lemma mirror_conj_in_palindromes:
  assumes S: "S \<subseteq> carrier G" and p: "p \<in> palindromes G S" and x: "set (map snd x) \<subseteq> S"
  shows "word_val G (rev x) \<otimes> p \<otimes> word_val G x \<in> palindromes G S"
proof -
  obtain w where wS: "set (map snd w) \<subseteq> S" and pal: "rev w = w" and p_def: "word_val G w = p"
    using p by (rule palindromesE)
  have "word_val G (rev x @ w @ x) = word_val G (rev x) \<otimes> p \<otimes> word_val G x"
  proof -
    have "set (map snd w) \<subseteq> carrier G" "set (map snd x) \<subseteq> carrier G"
      "set (map snd (rev x)) \<subseteq> carrier G"
      using wS x S by auto
    moreover have "p \<in> carrier G"
      using calculation(1) p_def word_val_closed by blast
    ultimately show ?thesis
      using p_def by (simp add: word_val_append m_assoc word_val_closed del: set_map)
  qed
  moreover have "word_val G (rev x @ w @ x) \<in> palindromes G S"
    using wS x pal S by (intro palindromic_word_in_palindromes) auto
  ultimately show ?thesis by simp
qed

lemma inv_mirror_conj_in_palindromes:
  assumes S: "S \<subseteq> carrier G" and p: "p \<in> palindromes G S" and x: "set (map snd x) \<subseteq> S"
  shows "inv (word_val G x) \<otimes> p \<otimes> inv (word_val G (rev x)) \<in> palindromes G S"
proof -
  have xG: "set (map snd x) \<subseteq> carrier G" using x S by auto
  have "set (map snd (map letter_inv x)) \<subseteq> S"
    using x by (simp add: letter_inv_def comp_def)
  then have "word_val G (rev (map letter_inv x)) \<otimes> p \<otimes> word_val G (map letter_inv x)
      \<in> palindromes G S"
    by (rule mirror_conj_in_palindromes[OF S p])
  moreover have "word_val G (rev (map letter_inv x)) = inv (word_val G x)"
    using word_val_letter_inv_rev[OF xG] by (simp add: rev_map)
  moreover have "word_val G (map letter_inv x) = inv (word_val G (rev x))"
    using word_val_letter_inv_rev[of "rev x"] xG by simp
  ultimately show ?thesis by simp
qed

lemma palindromes_sandwich_closed:
  assumes S: "S \<subseteq> carrier G" and p: "p \<in> palindromes G S" and r: "r \<in> palindromes G S"
  shows "p \<otimes> r \<otimes> p \<in> palindromes G S"
proof -
  obtain w where wS: "set (map snd w) \<subseteq> S" and pal: "rev w = w" and p_def: "word_val G w = p"
    using p by (rule palindromesE)
  show ?thesis
    using mirror_conj_in_palindromes[OF S r wS] pal p_def by simp
qed

lemma nat_pow_mult_shift:
  "x \<in> carrier G \<Longrightarrow> y \<in> carrier G \<Longrightarrow> (x \<otimes> y) [^] (k::nat) \<otimes> x = x \<otimes> (y \<otimes> x) [^] k"
proof (induction k)
  case (Suc k)
  have "(x \<otimes> y) [^] Suc k \<otimes> x = ((x \<otimes> y) [^] k \<otimes> x) \<otimes> (y \<otimes> x)"
    using Suc.prems by (simp add: m_assoc)
  also have "\<dots> = x \<otimes> (y \<otimes> x) [^] k \<otimes> (y \<otimes> x)"
    by (simp only: Suc.IH[OF Suc.prems])
  also have "\<dots> = x \<otimes> (y \<otimes> x) [^] Suc k"
    using Suc.prems by (simp add: m_assoc)
  finally show ?case .
qed simp

lemma alternating_product_in_palindromes:
  assumes S: "S \<subseteq> carrier G"
  shows "p \<in> palindromes G S \<Longrightarrow> q \<in> palindromes G S \<Longrightarrow> (p \<otimes> q) [^] (k::nat) \<otimes> p \<in> palindromes G S"
proof (induction k arbitrary: p q)
  case 0
  then show ?case using palindromes_closed[OF S] by simp
next
  case (Suc k)
  have pG: "p \<in> carrier G" and qG: "q \<in> carrier G"
    using Suc.prems palindromes_closed[OF S] by auto
  have "(p \<otimes> q) [^] Suc k \<otimes> p = ((p \<otimes> q) [^] k \<otimes> p) \<otimes> (q \<otimes> p)"
    using pG qG by (simp add: m_assoc)
  also have "\<dots> = (p \<otimes> (q \<otimes> p) [^] k) \<otimes> (q \<otimes> p)"
    by (simp only: nat_pow_mult_shift[OF pG qG])
  also have "\<dots> = p \<otimes> ((q \<otimes> p) [^] k \<otimes> q) \<otimes> p"
    using pG qG by (simp add: m_assoc)
  finally have "(p \<otimes> q) [^] Suc k \<otimes> p = p \<otimes> ((q \<otimes> p) [^] k \<otimes> q) \<otimes> p" .
  then show ?case
    using palindromes_sandwich_closed[OF S] Suc by simp
qed

lemma nat_pow_product_of_two_palindromes:
  assumes S: "S \<subseteq> carrier G" and p: "p \<in> palindromes G S" and q: "q \<in> palindromes G S"
  shows "\<exists>a \<in> palindromes G S. \<exists>b \<in> palindromes G S. (p \<otimes> q) [^] (n::nat) = a \<otimes> b"
proof (cases n)
  case 0
  then show ?thesis using one_in_palindromes[OF S] by force
next
  case (Suc k)
  then have "(p \<otimes> q) [^] n = ((p \<otimes> q) [^] k \<otimes> p) \<otimes> q"
    using p q palindromes_closed[OF S] by (simp add: m_assoc)
  then show ?thesis
    using alternating_product_in_palindromes[OF S p q] q by blast
qed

**Exercise description:** Give back, word for word, the lines of the records that run from the one holding "using p q palindromes_closed[OF" to the very last.

**Task response:**
    using p q palindromes_closed[OF S] by (simp add: m_assoc)
  then show ?thesis
    using alternating_product_in_palindromes[OF S p q] q by blast
qed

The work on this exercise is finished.